Эти правители, продолжает Гиббон, «внушали невольное уважение и своим характером, и своим авторитетом» и «наслаждались внешним видом свободы». Должно быть, единственное, о чем они сожалели, делает он вывод, заключалось в том, что вскоре после них мог появиться недостойный преемник («какой-нибудь распутный юноша или какой-нибудь завистливый тиран») и разрушить весь их труд, как и поступило большинство их предшественников: «мрачный и неумолимый Тиберий, свирепый Калигула, слабоумный Клавдий, развратный и жестокосердный Нерон, зверский Вителлий и бесчеловечный трус Домициан».

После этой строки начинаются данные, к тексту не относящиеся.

lemma continuous_on_\<psi>: "continuous_on std_simplex \<psi>"
proof -
  have "continuous_on X \<Phi>"
    using grad has_derivative_continuous continuous_at_imp_continuous_on by blast
  then have "continuous_on std_simplex \<Phi>"
    using continuous_on_subset simplex_subset by blast
  then show ?thesis
    unfolding \<psi>_def by (intro continuous_intros)
qed

lemma \<psi>_midpoint_strict:
  "y \<in> std_simplex \<Longrightarrow> z \<in> std_simplex \<Longrightarrow> y \<noteq> z \<Longrightarrow> \<psi> y + \<psi> z < 2 * \<psi> (midpoint y z)"
  unfolding \<psi>_def
  by (rule midpoint_strict_concave_minus_norm[where S = std_simplex, OF _ simplex_subset _ _ _ grad hess
        hess_bound]) (use convex_simplex_face[of UNIV] in simp_all)

lemma \<psi>_permute:
  assumes "y \<in> std_simplex" "p permutes UNIV"
  shows "\<psi> (\<chi> i. y $ p i) = \<psi> y"
proof -
  have "(\<chi> i. y $ p i) \<in> perms_of y"
    using assms(2) unfolding perms_of_def by blast
  then show ?thesis
    using perm_invariant[OF assms(1)] inner_permute_vec[OF assms(2)] by (simp add: \<psi>_def)
qed

lemma \<psi>_le_char_vec:
  assumes D: "D \<noteq> {}" and y: "y \<in> simplex_face D"
  shows "\<psi> y \<le> \<psi> (char_vec D)"
    and "\<psi> y = \<psi> (char_vec D) \<Longrightarrow> y = char_vec D"
proof -
  note face = simplex_face_subset[of D]
  obtain m where m: "m \<in> simplex_face D" and max: "\<And>y. y \<in> simplex_face D \<Longrightarrow> \<psi> y \<le> \<psi> m"
    and uniq: "\<And>y. y \<in> simplex_face D \<Longrightarrow> \<psi> y = \<psi> m \<Longrightarrow> y = m"
    using unique_maximizer_midpoint_strict[OF compact_simplex_face convex_simplex_face
        _ continuous_on_subset[OF continuous_on_\<psi> face]] \<psi>_midpoint_strict face
      char_vec_in_simplex_face[OF D] by blast
  text \<open>The maximiser is unique, so it is fixed by every transposition of coordinates in \<open>D\<close>.\<close>
  have "m $ i = m $ j" if "i \<in> D" "j \<in> D" for i j
  proof -
    define m' where "m' = (\<chi> k. m $ Transposition.transpose i j k)"
    have p: "Transposition.transpose i j permutes UNIV"
      by (rule permutes_swap_id) auto
    have "(\<Sum>k\<in>UNIV. m' $ k) = 1"
      using sum_permute_vec[OF p, of m] m unfolding m'_def simplex_face_def std_simplex_def by simp
    then have "m' \<in> simplex_face D"
      using m that unfolding simplex_face_def std_simplex_def supp_def m'_def
      by (auto simp: Transposition.transpose_def)
    moreover have "\<psi> m' = \<psi> m"
      unfolding m'_def using \<psi>_permute[OF _ p] m face by blast
    ultimately have "m' = m"
      by (rule uniq)
    then show ?thesis
      unfolding m'_def by (metis transpose_eq_iff vec_lambda_beta)
  qed
  then have "m = char_vec D"
    by (rule simplex_face_const_eq_char_vec[OF m D])
  then show "\<psi> y \<le> \<psi> (char_vec D)" "\<psi> y = \<psi> (char_vec D) \<Longrightarrow> y = char_vec D"
    using max[OF y] uniq[OF y] by auto
qed

lemma \<psi>_char_vec_card_eq:
  assumes D: "D \<noteq> {}" and card: "card D = card C"
  shows "\<psi> (char_vec D) = \<psi> (char_vec C)"
proof -
  obtain p where p: "p permutes UNIV" and pC: "\<And>i. p i \<in> C \<longleftrightarrow> i \<in> D"
    using permutes_UNIV_between[OF card] by blast
  have "C \<noteq> {}"
    using D card by auto
  then have "char_vec C \<in> std_simplex"
    using char_vec_in_simplex_face simplex_face_subset by auto
  moreover have "char_vec D = (\<chi> i. char_vec C $ p i)"
    using pC card by (simp add: char_vec_def vec_eq_iff)
  ultimately show ?thesis
    using \<psi>_permute[OF _ p] by simp
qed

lemma \<psi>_char_vec_less_of_psubset:
  assumes S: "S \<noteq> {}" and SD: "S \<subset> D"
  shows "\<psi> (char_vec S) < \<psi> (char_vec D)"
proof -
  have "char_vec S \<in> simplex_face D"
    using char_vec_in_simplex_face[OF S] simplex_face_mono SD by blast
  moreover have "D \<noteq> {}"
    using S SD by blast
  ultimately have "\<psi> (char_vec S) \<le> \<psi> (char_vec D)" "\<psi> (char_vec S) \<noteq> \<psi> (char_vec D)"
    using \<psi>_le_char_vec char_vec_neq_of_psubset[OF SD] by blast+
  then show ?thesis
    by (simp add: order_less_le)
qed

lemma \<psi>_char_vec_card_less:
  assumes S: "S \<noteq> {}" and card: "card S < card C"
  shows "\<psi> (char_vec S) < \<psi> (char_vec C)"
proof -
  have "card C - card S \<le> card (UNIV - S)"
    using card_mono[of UNIV C] by (simp add: card_Diff_subset)
  then obtain T where T: "T \<subseteq> UNIV - S" "card T = card C - card S"
    by (meson obtain_subset_with_card_n)
  then have "T \<noteq> {}"
    using card by auto
  then have "S \<subset> S \<union> T"
    using T(1) by blast
  then have "\<psi> (char_vec S) < \<psi> (char_vec (S \<union> T))"
    by (rule \<psi>_char_vec_less_of_psubset[OF S])
  also have "\<dots> = \<psi> (char_vec C)"
  proof (rule \<psi>_char_vec_card_eq)
    show "S \<union> T \<noteq> {}"
      using S by blast
    show "card (S \<union> T) = card C"
      using T card by (subst card_Un_disjoint) auto
  qed
  finally show ?thesis .
qed

lemma \<psi>_le_char_vec_of_card_le:
  assumes y: "y \<in> std_simplex" and card: "card (supp y) \<le> card C"
  shows "\<psi> y \<le> \<psi> (char_vec C)"
    and "\<psi> y = \<psi> (char_vec C) \<Longrightarrow> card (supp y) = card C \<and> y = char_vec (supp y)"
proof -
  have S: "supp y \<noteq> {}"
    using supp_nonempty_simplex[OF y] .
  have face: "\<psi> y \<le> \<psi> (char_vec (supp y))"
    by (rule \<psi>_le_char_vec(1)[OF S simplex_face_supp[OF y]])
  have mono: "\<psi> (char_vec (supp y)) \<le> \<psi> (char_vec C)"
    and strict: "card (supp y) < card C \<Longrightarrow> \<psi> (char_vec (supp y)) < \<psi> (char_vec C)"
    using card \<psi>_char_vec_card_less[OF S] \<psi>_char_vec_card_eq[OF S, of C]
    by (fastforce simp: order_le_less)+
  show "\<psi> y \<le> \<psi> (char_vec C)"
    using face mono by (rule order_trans)
  assume eq: "\<psi> y = \<psi> (char_vec C)"
  have "card (supp y) = card C"
    using card strict face eq by fastforce
  moreover have "\<psi> y = \<psi> (char_vec (supp y))"
    using face mono eq by linarith
  then have "y = char_vec (supp y)"
    by (rule \<psi>_le_char_vec(2)[OF S simplex_face_supp[OF y]])
  ultimately show "card (supp y) = card C \<and> y = char_vec (supp y)" ..
qed

end

subsection \<open>Cliques\<close>

lemma obj_eq_on_simplex0:
  assumes graph: "simple_graph E" and y: "y \<in> std_simplex0 E"
  shows "obj E \<Phi> y = 1 - y \<bullet> y + \<Phi> y"
proof -
  have ys: "y \<in> std_simplex" and cl: "is_clique E (supp y)"
    using y unfolding std_simplex0_def by auto
  have edge: "y$i * ((if E i j then 1 else 0) * y$j) = (if i = j then 0 else y$i * y$j)" for i j
    using graph cl unfolding simple_graph_def is_clique_def supp_def by auto
  have "y \<bullet> (adj_matrix E *v y) = (\<Sum>i\<in>UNIV. \<Sum>j\<in>UNIV. y$i * ((if E i j then 1 else 0) * y$j))"
    unfolding inner_vec_def matrix_vector_mult_def adj_matrix_def by (simp add: sum_distrib_left)
  also have "\<dots> = (\<Sum>i\<in>UNIV. \<Sum>j\<in>UNIV. y$i * y$j - (if i = j then y$i * y$j else 0))"
    unfolding edge by (intro sum.cong) auto
  also have "\<dots> = (\<Sum>i\<in>UNIV. y$i) * (\<Sum>j\<in>UNIV. y$j) - (\<Sum>i\<in>UNIV. y$i * y$i)"
    by (simp add: sum_subtractf sum_product)
  also have "\<dots> = 1 - y \<bullet> y"
    using ys unfolding std_simplex_def inner_vec_def by simp
  finally show ?thesis
    unfolding obj_def by simp
qed

lemma max_clique_exists:
  fixes E :: "'n::finite \<Rightarrow> 'n \<Rightarrow> bool"
  obtains C where "is_max_clique E C"
proof -
  define K where "K = {D :: 'n set. is_clique E D}"
  have "{} \<in> K"
    by (simp add: K_def is_clique_def)
  then obtain C where "C \<in> K" "card C = Max (card ` K)"
    using Max_in[of "card ` K"] by fastforce
  then have "is_max_clique E C"
    using Max_ge[of "card ` K"] by (auto simp: K_def is_max_clique_def)
  then show ?thesis
    by (rule that)
qed

lemma max_clique_nonempty:
  fixes C :: "'n::finite set"
  assumes "is_max_clique E C"
  shows "C \<noteq> {}"
proof -
  obtain i :: 'n where "i \<in> UNIV"
    by blast
  have "is_clique E {i}"
    by (simp add: is_clique_def)
  then have "1 \<le> card C"
    using assms by (fastforce simp: is_max_clique_def)
  then show ?thesis
    by auto
qed

lemma char_vec_in_simplex0:
  assumes C: "C \<noteq> {}" "is_clique E C"
  shows "char_vec C \<in> std_simplex0 E"
proof -
  have "char_vec C \<in> std_simplex"
    using char_vec_in_simplex_face[OF C(1)] simplex_face_subset by auto
  then show ?thesis
    using supp_char_vec[OF C(1)] C(2) by (simp add: std_simplex0_def)
qed

theorem corollary1:
  fixes E :: "'n::finite \<Rightarrow> 'n \<Rightarrow> bool"
    and \<Phi> :: "real^'n \<Rightarrow> real"
    and g :: "real^'n \<Rightarrow> real^'n"
    and H :: "real^'n \<Rightarrow> real^'n^'n"
    and X :: "(real^'n) set"
    and x :: "real^'n"
  assumes graph: "simple_graph E"
    and X_open: "open X" and X_sup: "std_simplex \<subseteq> X"
    and grad: "\<And>y. y \<in> X \<Longrightarrow> (\<Phi> has_derivative (\<lambda>h. g y \<bullet> h)) (at y)"
    and hess: "\<And>y. y \<in> X \<Longrightarrow> (g has_derivative (\<lambda>h. H y *v h)) (at y)"
    and hess_cont: "continuous_on X H"
    and C1: "\<And>y v. y \<in> std_simplex \<Longrightarrow> 0 \<le> v \<bullet> (H y *v v)"
    and C2: "\<And>y. y \<in> std_simplex \<Longrightarrow> onorm (\<lambda>v. H y *v v) < 2"
    and C3: "\<And>y z. y \<in> std_simplex \<Longrightarrow> z \<in> perms_of y \<Longrightarrow> \<Phi> z = \<Phi> y"
    and x_in: "x \<in> std_simplex0 E"
  shows "(\<forall>y \<in> std_simplex0 E. obj E \<Phi> y \<le> obj E \<Phi> x) \<longleftrightarrow>
         (\<exists>C. is_max_clique E C \<and> x = char_vec C)"
proof -
  interpret symmetric_potential \<Phi> g H X
    using X_sup grad hess C2 C3 by unfold_locales
  have obj_\<psi>: "obj E \<Phi> y = 1 + \<psi> y" if "y \<in> std_simplex0 E" for y
    using obj_eq_on_simplex0[OF graph that] by (simp add: \<psi>_def)
  have card_supp: "card (supp y) \<le> card C" if "y \<in> std_simplex0 E" "is_max_clique E C" for y C
    using that by (simp add: std_simplex0_def is_max_clique_def)
  have xs: "x \<in> std_simplex" and x_clique: "is_clique E (supp x)"
    using x_in by (auto simp: std_simplex0_def)
  show ?thesis
  proof
    assume max: "\<forall>y \<in> std_simplex0 E. obj E \<Phi> y \<le> obj E \<Phi> x"
    obtain C where C: "is_max_clique E C"
      by (rule max_clique_exists)
    have "char_vec C \<in> std_simplex0 E"
      using C by (intro char_vec_in_simplex0 max_clique_nonempty) (simp_all add: is_max_clique_def)
    then have "\<psi> (char_vec C) \<le> \<psi> x"
      using max obj_\<psi> x_in by fastforce
    then have "\<psi> x = \<psi> (char_vec C)"
      using \<psi>_le_char_vec_of_card_le(1)[OF xs card_supp[OF x_in C]] by linarith
    then have "card (supp x) = card C" "x = char_vec (supp x)"
      using \<psi>_le_char_vec_of_card_le(2)[OF xs card_supp[OF x_in C]] by blast+
    moreover have "is_max_clique E (supp x)"
      using C x_clique \<open>card (supp x) = card C\<close> by (simp add: is_max_clique_def)
    ultimately show "\<exists>C. is_max_clique E C \<and> x = char_vec C"
      by blast
  next
    assume "\<exists>C. is_max_clique E C \<and> x = char_vec C"
    then obtain C where C: "is_max_clique E C" and xC: "x = char_vec C"
      by blast
    show "\<forall>y \<in> std_simplex0 E. obj E \<Phi> y \<le> obj E \<Phi> x"
    proof
      fix y
      assume y: "y \<in> std_simplex0 E"
      then have "\<psi> y \<le> \<psi> x"
        unfolding xC by (intro \<psi>_le_char_vec_of_card_le(1) card_supp[OF y C]) (simp add: std_simplex0_def)
      then show "obj E \<Phi> y \<le> obj E \<Phi> x"
        using obj_\<psi>[OF y] obj_\<psi>[OF x_in] by simp
    qed
  qed
qed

Достаточно безапелляционное обобщение двух веков римской истории. Гиббон жил в эпоху, когда историки делали утверждения «без тени сомнения» и были готовы поверить, что жизнь в римском мире была лучше, чем в их собственном. И это также очень обманчиво по нескольким причинам. Многих правителей нелегко вписать в некий стандартный стереотип. Сам Гиббон соглашается (в строчках, которые в наше время редко цитируют, поскольку они портят определенность афоризма), что один из его любимцев, Адриан, мог быть тщеславным, капризным и жестоким, то есть не только благородным принцем, но и ревнивым тираном. Должно быть, Гиббон знал историю о том, как Адриан приказал умертвить своего архитектора из-за разногласий по поводу эскиза здания; если это правда, такое императорское злоупотребление достойно самого Калигулы.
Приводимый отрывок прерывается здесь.